HCFB offers its clients a wide range of credit products with variable credit terms. HCFB’s products are distributed through over 29,000 POS outlets across over 1,200 cities throughout Russia. The Bank’s regional network comprises 83 representative offices, 172 banking offices and 6 branches across the Russian Federation as at 30 June 2009.
Companies of the Home Credit Group operate in the Central and Eastern European, Central Asian and the Far East consumer finance markets and as at year-end 2007, had granted loans in the combined principal of EUR 3.3 billion.
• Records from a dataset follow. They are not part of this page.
(* Let $k\geq 2$ be an integer and let $G$ be a graph on $n$ vertices with minimum degree $\delta=\delta(G)>\frac{(k-1)n}{k}$. Suppose $V(G)$ is partitioned into classes $U_1,U_2,X_1,\dots,X_{k-1},A$ such that (a) there are no edges between $U_1$ and $U_2$; (b) all copies of $K_k$ in $G$ consisting of an edge of $G[U_1]$ together with one vertex from each of $X_1,\dots,X_{k-2}$ are pairwise $K_{k+1}$-connected; (c) $|X_i|\leq n-\delta$ for $i\in[k-1]$; (d) $X_i\cap\Gamma(g)$ is an independent set for each $i\in[k-2]$ and each copy $g$ of $K_{i+1}$ consisting of an edge of $G[U_1]$ together with one vertex from each of $X_1,\dots,X_{i-1}$. Let $F$ be a matching in $G[U_1]$ and set $q:=k\delta-(k-1)n+|U_2|-|U_1|-|A|$. Then $G$ contains a connected $K_{k+1}$-factor of size at least $(k+1)\min\{|F|,q\}$.
   Context: A $K_{k+1}$-walk in $G$ is a sequence of copies of $K_k$ in which consecutive copies lie in a common copy of $K_{k+1}$; its endpoints are then $K_{k+1}$-connected; the equivalence classes of copies of $K_k$ are the $K_{k+1}$-components. A $K_{k+1}$-factor is a set of vertex-disjoint copies of $K_{k+1}$; it is connected if all copies of $K_k$ contained in its members lie in one component; its size is the number of vertices it covers. $\Gamma(g)$ is the common neighbourhood of the vertices of $g$. *)

theory Defs
  imports Main
begin

definition simple_graph :: "'a set \<Rightarrow> ('a \<Rightarrow> 'a \<Rightarrow> bool) \<Rightarrow> bool" where
  "simple_graph V E \<longleftrightarrow> finite V \<and>
     (\<forall>u v. E u v \<longrightarrow> u \<in> V \<and> v \<in> V \<and> u \<noteq> v \<and> E v u)"

definition degree :: "'a set \<Rightarrow> ('a \<Rightarrow> 'a \<Rightarrow> bool) \<Rightarrow> 'a \<Rightarrow> nat" where
  "degree V E v = card {u \<in> V. E v u}"

definition min_degree :: "'a set \<Rightarrow> ('a \<Rightarrow> 'a \<Rightarrow> bool) \<Rightarrow> nat" where
  "min_degree V E = Min (degree V E ` V)"

definition is_clique :: "'a set \<Rightarrow> ('a \<Rightarrow> 'a \<Rightarrow> bool) \<Rightarrow> 'a set \<Rightarrow> bool" where
  "is_clique V E C \<longleftrightarrow> C \<subseteq> V \<and> (\<forall>u\<in>C. \<forall>v\<in>C. u \<noteq> v \<longrightarrow> E u v)"

definition copy_K :: "'a set \<Rightarrow> ('a \<Rightarrow> 'a \<Rightarrow> bool) \<Rightarrow> nat \<Rightarrow> 'a set \<Rightarrow> bool" where
  "copy_K V E r C \<longleftrightarrow> is_clique V E C \<and> finite C \<and> card C = r"

definition independent :: "('a \<Rightarrow> 'a \<Rightarrow> bool) \<Rightarrow> 'a set \<Rightarrow> bool" where
  "independent E S \<longleftrightarrow> (\<forall>u\<in>S. \<forall>v\<in>S. \<not> E u v)"

definition Gamma :: "'a set \<Rightarrow> ('a \<Rightarrow> 'a \<Rightarrow> bool) \<Rightarrow> 'a set \<Rightarrow> 'a set" where
  "Gamma V E g = {v \<in> V. \<forall>u\<in>g. E u v}"

definition Kstep :: "'a set \<Rightarrow> ('a \<Rightarrow> 'a \<Rightarrow> bool) \<Rightarrow> nat \<Rightarrow> 'a set \<Rightarrow> 'a set \<Rightarrow> bool" where
  "Kstep V E k g h \<longleftrightarrow> copy_K V E k g \<and> copy_K V E k h \<and>
     (\<exists>K. copy_K V E (k+1) K \<and> g \<subseteq> K \<and> h \<subseteq> K)"

definition Kconnected :: "'a set \<Rightarrow> ('a \<Rightarrow> 'a \<Rightarrow> bool) \<Rightarrow> nat \<Rightarrow> 'a set \<Rightarrow> 'a set \<Rightarrow> bool" where
  "Kconnected V E k g h \<longleftrightarrow> copy_K V E k g \<and> copy_K V E k h \<and> (Kstep V E k)\<^sup>*\<^sup>* g h"

definition Kfactor :: "'a set \<Rightarrow> ('a \<Rightarrow> 'a \<Rightarrow> bool) \<Rightarrow> nat \<Rightarrow> 'a set set \<Rightarrow> bool" where
  "Kfactor V E k \<F> \<longleftrightarrow> finite \<F> \<and> (\<forall>K\<in>\<F>. copy_K V E (k+1) K) \<and>
     (\<forall>K\<in>\<F>. \<forall>L\<in>\<F>. K \<noteq> L \<longrightarrow> K \<inter> L = {})"

definition connected_Kfactor :: "'a set \<Rightarrow> ('a \<Rightarrow> 'a \<Rightarrow> bool) \<Rightarrow> nat \<Rightarrow> 'a set set \<Rightarrow> bool" where
  "connected_Kfactor V E k \<F> \<longleftrightarrow> Kfactor V E k \<F> \<and>
     (\<forall>g h. (\<exists>K\<in>\<F>. g \<subseteq> K) \<and> copy_K V E k g \<and> (\<exists>L\<in>\<F>. h \<subseteq> L) \<and> copy_K V E k h
        \<longrightarrow> Kconnected V E k g h)"

definition factor_size :: "'a set set \<Rightarrow> nat" where
  "factor_size \<F> = card (\<Union>\<F>)"

definition edge_transversal ::
  "'a set \<Rightarrow> ('a \<Rightarrow> 'a \<Rightarrow> bool) \<Rightarrow> 'a set \<Rightarrow> (nat \<Rightarrow> 'a set) \<Rightarrow> nat \<Rightarrow> 'a set \<Rightarrow> bool" where
  "edge_transversal V E U1 X j g \<longleftrightarrow>
     (\<exists>u v x. u \<in> U1 \<and> v \<in> U1 \<and> E u v \<and> (\<forall>i\<in>{1..j}. x i \<in> X i) \<and>
        g = {u, v} \<union> x ` {1..j} \<and> copy_K V E (j+2) g)"

definition matching_in :: "('a \<Rightarrow> 'a \<Rightarrow> bool) \<Rightarrow> 'a set \<Rightarrow> 'a set set \<Rightarrow> bool" where
  "matching_in E U M \<longleftrightarrow> (\<forall>e\<in>M. \<exists>u v. e = {u, v} \<and> u \<in> U \<and> v \<in> U \<and> E u v) \<and>
     (\<forall>e\<in>M. \<forall>f\<in>M. e \<noteq> f \<longrightarrow> e \<inter> f = {})"

end

theory Submission
  imports Defs
begin
lemma card_gball_le:
  assumes "fin_graph V E" "degree_bounded V E D" "0 \<le> D"
  shows "real (card (gball E n x)) \<le> (D + 1) ^ n"
proof (induction n arbitrary: x)
  case 0
  then show ?case by simp
next
  case (Suc n)
  let ?N = "{u. E x u}"
  have "real (card (\<Union>u\<in>?N. gball E n u)) \<le> real (card ?N) * (D + 1) ^ n"
    using Suc.IH finite_gball[OF assms(1)] finite_neighbours[OF assms(1)]
    by (intro card_covered_le) auto
  also have "\<dots> \<le> D * (D + 1) ^ n"
    using card_neighbours_le[OF assms] assms(3) by (intro mult_right_mono) auto
  finally have "real (card (gball E (Suc n) x)) \<le> (D + 1) ^ n + D * (D + 1) ^ n"
    using Suc.IH[of x] card_Un_le[of "gball E n x" "\<Union>u\<in>?N. gball E n u"] by simp
  then show ?case by (simp add: algebra_simps)
qed

lemma walk_last_in_gball: "walk E p \<Longrightarrow> length p = Suc k \<Longrightarrow> last p \<in> gball E k (hd p)"
proof (induction p arbitrary: k)
  case Nil
  then show ?case by simp
next
  case (Cons a q)
  show ?case
  proof (cases q)
    case Nil
    then show ?thesis using Cons.prems by (simp add: gball_center)
  next
    case (Cons b r)
    with Cons.prems obtain k' where k: "k = Suc k'" by (cases k) auto
    have "E a b" "walk E q"
      using Cons.prems(1) \<open>q = b # r\<close> unfolding walk_def
      by (auto dest: spec[of _ 0] spec[of _ "Suc _"])
    then show ?thesis using Cons.IH Cons.prems(2) k \<open>q = b # r\<close> by auto
  qed
qed

lemma gdist_le_imp_in_gball:
  assumes "connected_graph V E" "x \<in> V" "y \<in> V" "gdist E x y \<le> c"
  shows "y \<in> gball E (nat \<lfloor>c\<rfloor>) x"
proof -
  let ?P = "\<lambda>n. \<exists>p. walk E p \<and> hd p = x \<and> last p = y \<and> length p = Suc n"
  obtain p where p: "walk E p" "hd p = x" "last p = y"
    using assms(1-3) unfolding connected_graph_def by blast
  then have "length p = Suc (length p - 1)"
    by (cases p) (auto simp: walk_def)
  with p have "?P (length p - 1)" by blast
  then have "?P (Least ?P)" by (rule LeastI)
  then obtain q where q: "walk E q" "hd q = x" "last q = y" "length q = Suc (Least ?P)"
    by blast
  have "real (Least ?P) \<le> c"
    using assms(4) unfolding gdist_def .
  then have "int (Least ?P) \<le> \<lfloor>c\<rfloor>"
    by (simp add: le_floor_iff)
  then have "gball E (Least ?P) x \<subseteq> gball E (nat \<lfloor>c\<rfloor>) x"
    by (intro gball_mono) linarith
  moreover have "y \<in> gball E (Least ?P) x"
    using walk_last_in_gball[OF q(1) q(4)] q(2,3) by simp
  ultimately show ?thesis
    by blast
qed

lemma gdist_self: "gdist E x x = 0"
proof -
  have "walk E [x]" by (simp add: walk_def)
  then have "(LEAST n. \<exists>p. walk E p \<and> hd p = x \<and> last p = x \<and> length p = Suc n) = 0"
    by (intro Least_eq_0) force
  then show ?thesis unfolding gdist_def by simp
qed

lemma gdist_le_1_if_edge: "E x y \<Longrightarrow> gdist E x y \<le> 1"
proof -
  assume "E x y"
  then have "walk E [x, y]" by (auto simp: walk_def less_Suc_eq)
  then have "(LEAST n. \<exists>p. walk E p \<and> hd p = x \<and> last p = y \<and> length p = Suc n) \<le> 1"
    by (intro Least_le) force
  then show ?thesis unfolding gdist_def by simp
qed

definition boundary_layer :: "'a set \<Rightarrow> ('a \<Rightarrow> 'a \<Rightarrow> bool) \<Rightarrow> nat \<Rightarrow> 'a set \<Rightarrow> 'a set" where
  "boundary_layer V E n T = {y \<in> T. \<exists>z \<in> V - T. z \<in> gball E n y}"

lemma near_complement_imp_near_edge_boundary:
  assumes "fin_graph V E"
  shows "y \<in> T \<Longrightarrow> z \<in> gball E n y \<Longrightarrow> z \<notin> T \<Longrightarrow>
    \<exists>u \<in> fst ` edge_boundary V E T. y \<in> gball E n u"
proof (induction n arbitrary: y)
  case 0
  then show ?case by simp
next
  case (Suc n)
  show ?case
  proof (cases "z \<in> gball E n y")
    case True
    then obtain u where "u \<in> fst ` edge_boundary V E T" "y \<in> gball E n u"
      using Suc.IH Suc.prems(1,3) by blast
    then show ?thesis using gball_mono[of n "Suc n" E u] by auto
  next
    case False
    with Suc.prems obtain w where w: "E y w" "z \<in> gball E n w" by auto
    show ?thesis
    proof (cases "w \<in> T")
      case True
      then obtain u where "u \<in> fst ` edge_boundary V E T" "w \<in> gball E n u"
        using Suc.IH w(2) Suc.prems(3) by blast
      moreover have "y \<in> gball E 1 w"
        using w(1) assms unfolding fin_graph_def by auto
      ultimately show ?thesis using gball_trans by fastforce
    next
      case False
      then have "(y, w) \<in> edge_boundary V E T"
        using w(1) Suc.prems(1) assms unfolding edge_boundary_def fin_graph_def by auto
      then show ?thesis using gball_center by force
    qed
  qed
qed
text \<open>Top row: T_- = {-alpha-j..-1}, T_+ = {1..n}; bottom row B_- = {-j..-1}, B_+ = {1..n}.
  Vertices are represented by integers (bottom copies are the same integers in a separate set).\<close>
definition top_row :: "nat \<Rightarrow> nat \<Rightarrow> nat \<Rightarrow> int set" where
  "top_row \<alpha> n j = {-(int \<alpha> + int j)..-1} \<union> {1..int n}"

definition bot_row :: "nat \<Rightarrow> nat \<Rightarrow> int set" where
  "bot_row n j = {-(int j)..-1} \<union> {1..int n}"

text \<open>A bipartite matching is determined by its set of edges (a, b~): a partial bijection
  between top and bottom vertices; all other vertices are singletons.
  No edge joins T_- and B_-.\<close>
definition matchings :: "nat \<Rightarrow> nat \<Rightarrow> nat \<Rightarrow> (int \<times> int) set set" where
  "matchings \<alpha> n j = {E. E \<subseteq> top_row \<alpha> n j \<times> bot_row n j
      \<and> (\<forall>(a,b)\<in>E. \<forall>(c,d)\<in>E. (a = c \<longleftrightarrow> b = d))
      \<and> (\<forall>(a,b)\<in>E. \<not> (a < 0 \<and> b < 0))}"

definition matchings_l :: "nat \<Rightarrow> nat \<Rightarrow> nat \<Rightarrow> nat \<Rightarrow> (int \<times> int) set set" where
  "matchings_l \<alpha> n j l = {E \<in> matchings \<alpha> n j. card E = l}"

definition cr :: "nat \<Rightarrow> nat \<Rightarrow> nat \<Rightarrow> (int \<times> int) set \<Rightarrow> nat" where
  "cr \<alpha> n j E =
     card {((a,b),(c,d)). (a,b) \<in> E \<and> (c,d) \<in> E \<and> a < c \<and> d < b}
   + card {((a,b),c). (a,b) \<in> E \<and> c \<in> top_row \<alpha> n j - fst ` E \<and> c < a}
   + card {((a,b),d). (a,b) \<in> E \<and> d \<in> bot_row n j - snd ` E \<and> d < b}"

end

(*
  Deleting the leftmost top vertex x of a matching gives a recursion for the q^cr-weighted count
  of matchings with t edges between two finite vertex sets: if x is isolated it lies left of every
  edge, so each edge loses one crossing; if x is matched to b, that edge crosses exactly the
  bottom vertices left of b (matched or not) and nothing else, and summing q^(rank of b) over
  the admissible b produces a q-integer. Negative top vertices can only be matched to
  nonnegative bottom vertices, so the recursion is solved by a sum over the number i of
  matched negative top vertices, whose summands are products of q-binomials and q-falling
  factorials; without negative top vertices it is just Pascal's rule. Expanding one q-binomial
  of the i-th summand by q-Vandermonde and reindexing along diagonals gives the stated double sum.
*)

theory Submission
  imports Defs
begin
lemma cond_exp_vec_corrector_step:
  fixes \<xi> :: "nat \<Rightarrow> 'a \<Rightarrow> 'e" and J :: "nat \<Rightarrow> 'a \<Rightarrow> real ^ 'd"
  assumes M: "prob_space M"
    and \<xi>_meas: "\<And>n. \<xi> n \<in> measurable M (count_space UNIV)"
    and J_meas: "\<And>n. J n \<in> borel_measurable M"
    and J_steps: "\<And>n x. x \<in> space M \<Longrightarrow> 1 \<le> n \<Longrightarrow> J n x \<in> Vset"
    and transition: "\<And>n k u. u \<in> Vset \<Longrightarrow>
        AE x in M. real_cond_exp M (filt M \<xi> J n)
            (indicator {x \<in> space M. \<xi> (Suc n) x = k \<and> J (Suc n) x = u}) x
          = P (\<xi> n x) k * p (\<xi> n x) (Spos J n x /\<^sub>R real m) u"
  shows "AE x in M. cond_exp_vec M (filt M \<xi> J n)
      (\<lambda>z. J (Suc n) z + vcorr P p (\<xi> (Suc n) z) (Spos J (Suc n) z /\<^sub>R real m)) x
    = vcorr P p (\<xi> n x) (Spos J n x /\<^sub>R real m) + bdrift P p m (\<xi> n x) (Spos J n x /\<^sub>R real m)"
proof -
  obtain Vb where Vb: "\<And>i y. norm (vcorr P p i y) \<le> Vb" using vcorr_bounded by blast
  obtain Lv where Lv: "\<And>i. Lv-lipschitz_on UNIV (vcorr P p i)" using vcorr_lipschitz by blast
  define \<Phi> where "\<Phi> k u w = u + vcorr P p k (w /\<^sub>R real m + u /\<^sub>R real m)" for k u w
  have \<Phi>_step: "(\<lambda>z. \<Phi> (\<xi> (Suc n) z) (J (Suc n) z) (Spos J n z))
      = (\<lambda>z. J (Suc n) z + vcorr P p (\<xi> (Suc n) z) (Spos J (Suc n) z /\<^sub>R real m))"
    by (simp add: \<Phi>_def scaleR_add_right)
  have \<Phi>_mean: "(\<Sum>k\<in>UNIV. \<Sum>u\<in>Vset. (P i k * p i (w /\<^sub>R real m) u) *\<^sub>R \<Phi> k u w)
      = vcorr P p i (w /\<^sub>R real m) + bdrift P p m i (w /\<^sub>R real m)" for i w
    unfolding \<Phi>_def by (rule mean_step_vcorr)
  have "AE x in M. cond_exp_vec M (filt M \<xi> J n)
      (\<lambda>z. \<Phi> (\<xi> (Suc n) z) (J (Suc n) z) (Spos J n z)) x
    = (\<Sum>k\<in>UNIV. \<Sum>u\<in>Vset. (P (\<xi> n x) k * p (\<xi> n x) (Spos J n x /\<^sub>R real m) u) *\<^sub>R \<Phi> k u (Spos J n x))"
  proof (rule cond_exp_vec_transition[OF M \<xi>_meas J_meas J_steps transition])
    show "\<Phi> k u \<in> borel_measurable borel" for k u
    proof -
      have "continuous_on UNIV (\<lambda>w. vcorr P p k (w /\<^sub>R real m + u /\<^sub>R real m))"
        by (rule continuous_on_compose2[OF lipschitz_on_continuous_on[OF Lv]])
          (auto intro!: continuous_intros)
      then have "continuous_on UNIV (\<Phi> k u)" unfolding \<Phi>_def by (intro continuous_intros)
      then show ?thesis by (rule borel_measurable_continuous_onI)
    qed
    show "norm (\<Phi> k u w) \<le> 1 + Vb" if "u \<in> Vset" for k u w
      unfolding \<Phi>_def by (rule order.trans[OF norm_triangle_ineq]) (simp add: norm_Vset[OF that] Vb)
  qed
  then show ?thesis unfolding \<Phi>_step \<Phi>_mean .
qed
(* Let $R=\bigoplus_{\alpha\in\Gamma}R_{\alpha}$ be a graded integral domain and $\star$ a semistar operation on $R$. Then $N(\star):=\{f\in R[X]: f\neq0\text{ and }A_f^{\star}=R^{\star}\}$ is a saturated multiplicatively closed subset of $R[X]$.
   Context: $\Gamma$ is a commutative cancellative monoid (written additively) whose quotient group $\langle\Gamma\rangle$ is torsion-free. A graded integral domain $R=\bigoplus_{\alpha\in\Gamma}R_\alpha$ is an integral domain that is the direct sum of additive subgroups $R_\alpha$ with $R_\alpha R_\beta\subseteq R_{\alpha+\beta}$, with quotient field $K$. For $a\in R$, $C(a)$ is the ideal of $R$ generated by the homogeneous components of $a$; for $f=f_0+\cdots+f_nX^n\in R[X]$, $A_f:=\sum_i C(f_i)$. A semistar operation on $R$ is a map $\star$ from the set of nonzero $R$-submodules of $K$ to itself such that for all $0\ne x\in K$ and $E,F$: $(xE)^\star=xE^\star$; $E\subseteq F\Rightarrow E^\star\subseteq F^\star$; $E\subseteq E^\star$; $(E^\star)^\star=E^\star$. *)

theory Defs
  imports "HOL-Computational_Algebra.Polynomial"
begin

text \<open>The ambient field K is a type 'k of class field; R is a subset of it.
  The grading monoid Gamma is a type 'g of class cancel_comm_monoid_add.\<close>

definition nsmul :: "nat \<Rightarrow> 'g::monoid_add \<Rightarrow> 'g" where
  "nsmul n a = (((+) a) ^^ n) 0"

text \<open>The quotient group of a cancellative commutative monoid is torsion-free iff
  n a = n b with n > 0 implies a = b.\<close>
definition torsion_free_quotient :: "'g::cancel_comm_monoid_add itself \<Rightarrow> bool" where
  "torsion_free_quotient _ \<longleftrightarrow>
     (\<forall>(n::nat) (a::'g) b. n > 0 \<longrightarrow> nsmul n a = nsmul n b \<longrightarrow> a = b)"

definition hom_family :: "('g \<Rightarrow> 'k::field set) \<Rightarrow> ('g \<Rightarrow> 'k) \<Rightarrow> bool" where
  "hom_family Rg h \<longleftrightarrow> (\<forall>\<beta>. h \<beta> \<in> Rg \<beta>) \<and> finite {\<beta>. h \<beta> \<noteq> 0}"

definition hsum :: "('g \<Rightarrow> 'k::field) \<Rightarrow> 'k" where
  "hsum h = (\<Sum>\<beta>\<in>{\<beta>. h \<beta> \<noteq> 0}. h \<beta>)"

text \<open>R = direct sum of the R_alpha, R a graded integral domain with quotient field K
  (the whole type 'k).\<close>
definition graded_domain :: "('g::cancel_comm_monoid_add \<Rightarrow> 'k::field set) \<Rightarrow> 'k set \<Rightarrow> bool" where
  "graded_domain Rg R \<longleftrightarrow>
     (\<forall>\<alpha>. 0 \<in> Rg \<alpha> \<and> (\<forall>x\<in>Rg \<alpha>. \<forall>y\<in>Rg \<alpha>. x + y \<in> Rg \<alpha>) \<and> (\<forall>x\<in>Rg \<alpha>. - x \<in> Rg \<alpha>)) \<and>
     (\<forall>\<alpha> \<beta>. \<forall>x\<in>Rg \<alpha>. \<forall>y\<in>Rg \<beta>. x * y \<in> Rg (\<alpha> + \<beta>)) \<and>
     (\<forall>h. hom_family Rg h \<and> hsum h = 0 \<longrightarrow> (\<forall>\<beta>. h \<beta> = 0)) \<and>
     R = {hsum h | h. hom_family Rg h} \<and>
     1 \<in> R \<and>
     (\<forall>z. \<exists>a\<in>R. \<exists>b\<in>R. b \<noteq> 0 \<and> z = a / b)"
(* Let $a=\tfrac12$ (equivalently $\sigma=2$), $\tfrac12<b<\tfrac34$, $\tfrac14<d<\tfrac12$, and $\kappa,s\in\mathbb{R}$ with $|\kappa|\le s$. Then there exists $C>0$ such that for all $u\in X^{\kappa,b}$ and $v\in X^{s,b}_a$, $$\|\bar u\, v\|_{X^{\kappa,-d}}\le C\,\|u\|_{X^{\kappa,b}}\,\|v\|_{X^{s,b}_a}.$$
   Context: Notation: $\langle x\rangle=1+|x|$; $\hat f(\xi,\tau)$ is the space-time Fourier transform. For $s,b\in\mathbb{R}$ and $a>0$, $X^{s,b}$ is the completion of $\mathcal{S}(\mathbb{R}^2)$ under $\|f\|_{X^{s,b}}=\|\langle\xi\rangle^s\langle\tau+\xi^2\rangle^b\hat f(\xi,\tau)\|_{L^2_{\xi,\tau}}$, and $X^{s,b}_a$ is the completion under $\|f\|_{X^{s,b}_a}=\|\langle\xi\rangle^s\langle\tau+a\xi^2\rangle^b\hat f(\xi,\tau)\|_{L^2_{\xi,\tau}}$. *)

theory Defs
  imports "HOL-Analysis.Analysis"
begin

definition jb :: "real \<Rightarrow> real" where
  "jb x = 1 + \<bar>x\<bar>"

(* F is the space-time Fourier
   transform \<hat>f(\<xi>,\<tau>) of f (first component \<xi>, second \<tau>):
   Xsq s b a F = \<parallel><\<xi>>^s <\<tau> + a \<xi>^2>^b F(\<xi>,\<tau>)\<parallel>_{L^2}^2.
   X^{s,b} corresponds to a = 1, X^{s,b}_a to general a. *)
definition Xsq :: "real \<Rightarrow> real \<Rightarrow> real \<Rightarrow> (real \<times> real \<Rightarrow> complex) \<Rightarrow> ennreal" where
  "Xsq s b a F = (\<integral>\<^sup>+ z. ennreal ((jb (fst z) powr s * jb (snd z + a * (fst z)^2) powr b
                                   * cmod (F z))^2) \<partial>lborel)"

(* Fourier transform of  conj(u) * v  in terms of F = \<hat>u, G = \<hat>v
   (up to the harmless constant (2\<pi>)^(-2)):
   \<hat>(conj u * v)(z) = \<integral> conj(\<hat>u(w - z)) \<hat>v(w) dw. *)
definition conj_prod_hat :: "(real \<times> real \<Rightarrow> complex) \<Rightarrow> (real \<times> real \<Rightarrow> complex) \<Rightarrow> real \<times> real \<Rightarrow> complex" where
  "conj_prod_hat F G = (\<lambda>z. \<integral> w. cnj (F (w - z)) * G w \<partial>lborel)"

end

theory Submission
  imports Defs
begin

(* With z = (xi, tau), w = (eta, tau') and sigma_a(xi, tau) = tau + a xi^2, the output weight
   <xi>^kappa <sigma_1(z)>^(-d) is at most <xi>^kappa <= <eta - xi>^kappa <eta>^s, so the weighted
   product is dominated pointwise by the X^{kappa,b} and X^{s,b}_{1/2} densities of the two factors
   integrated against the kernel <sigma_1(w - z)>^(-b) <sigma_{1/2}(w)>^(-b).  Cauchy-Schwarz in w
   and Fubini in z reduce the estimate to a bound, uniform in z, on the L^2_w norm of this kernel.
   Integrating in tau' first leaves <q(eta)>^(-2b) for a quadratic q with leading coefficient
   1 - 1/2 <> 0, whose eta-integral is bounded independently of the lower coefficients as 2b > 1. *)

lemma jb_ge_1: "1 \<le> jb x"
  by (simp add: jb_def)

lemma jb_pos: "0 < jb x"
  by (simp add: jb_def)

lemma jb_minus: "jb (- x) = jb x"
  by (simp add: jb_def)

lemma borel_measurable_jb [measurable]: "jb \<in> borel_measurable borel"
  unfolding jb_def by measurable

lemma jb_add_le: "jb (x + y) \<le> jb x * jb y"
  by (simp add: jb_def algebra_simps abs_triangle_ineq[THEN order_trans])

lemma jb_powr_neg_le_1: "0 \<le> p \<Longrightarrow> jb x powr (-p) \<le> 1"
  using powr_mono2'[of "-p" 1 "jb x"] jb_ge_1[of x] by simp

lemma jb_powr_neg_antimono: "\<bar>y\<bar> \<le> \<bar>x\<bar> \<Longrightarrow> 0 \<le> p \<Longrightarrow> jb x powr (-p) \<le> jb y powr (-p)"
  by (intro powr_mono2') (auto simp: jb_def)

lemma jb_powr_le_mult:
  assumes "\<bar>k\<bar> \<le> s"
  shows "jb x powr k \<le> jb (y - x) powr k * jb y powr s"
proof (cases "0 \<le> k")
  case True
  have "jb x \<le> jb (y - x) * jb y"
    using jb_add_le[of "x - y" y] jb_minus[of "y - x"] by simp
  then have "jb x powr k \<le> (jb (y - x) * jb y) powr k"
    using True by (intro powr_mono2) (auto simp: jb_pos less_imp_le)
  also have "\<dots> = jb (y - x) powr k * jb y powr k"
    by (simp add: powr_mult jb_pos less_imp_le)
  also have "\<dots> \<le> jb (y - x) powr k * jb y powr s"
    using assms jb_ge_1 by (intro mult_left_mono powr_mono) auto
  finally show ?thesis .
next
  case False
  have "jb (y - x) \<le> jb y * jb x"
    using jb_add_le[of y "- x"] jb_minus[of x] by simp
  then have "jb (y - x) powr (-k) \<le> (jb y * jb x) powr (-k)"
    using False by (intro powr_mono2) (auto simp: jb_pos less_imp_le)
  also have "\<dots> = jb y powr (-k) * jb x powr (-k)"
    by (simp add: powr_mult jb_pos less_imp_le)
  also have "\<dots> \<le> jb y powr s * jb x powr (-k)"
    using False assms jb_ge_1 by (intro mult_right_mono powr_mono) auto
  finally show ?thesis
    using jb_pos[of x] jb_pos[of "y - x"] by (simp add: powr_minus field_simps)
qed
Home Credit Group maintains leading positions in the consumer finance markets of the Czech Republic (Home Credit, since 1997), the Slovak Republic (Home Credit Slovakia, since 1999), the Russian Federation (Home Credit & Finance Bank, since 2002) and the Republic of Kazakhstan (Home Credit Kazakhstan, since December 2005). Home Credit Group also entered the Ukrainian and Belarusian markets in 2006 (CJSC Home Credit Bank, Home Credit Finance and OAO Home Credit Bank respectively) and China (Home Credit Asia, December 2007).
The Home Credit Group is part of the PPF Group, which is a leading international financial group. Established in 1991, PPF Group now operates in consumer finance and retail banking. Through its stake in Generali PPF Holding the Group participates in the insurance market and asset management services. PPF Group also actively seeks investment opportunities and undertakes strategic investments in developing markets of the CEE and CIS. During its 18 years in business, PPF Group has become an important international financial investor, managing assets of EUR 10.7 billion as of 31 December 2008.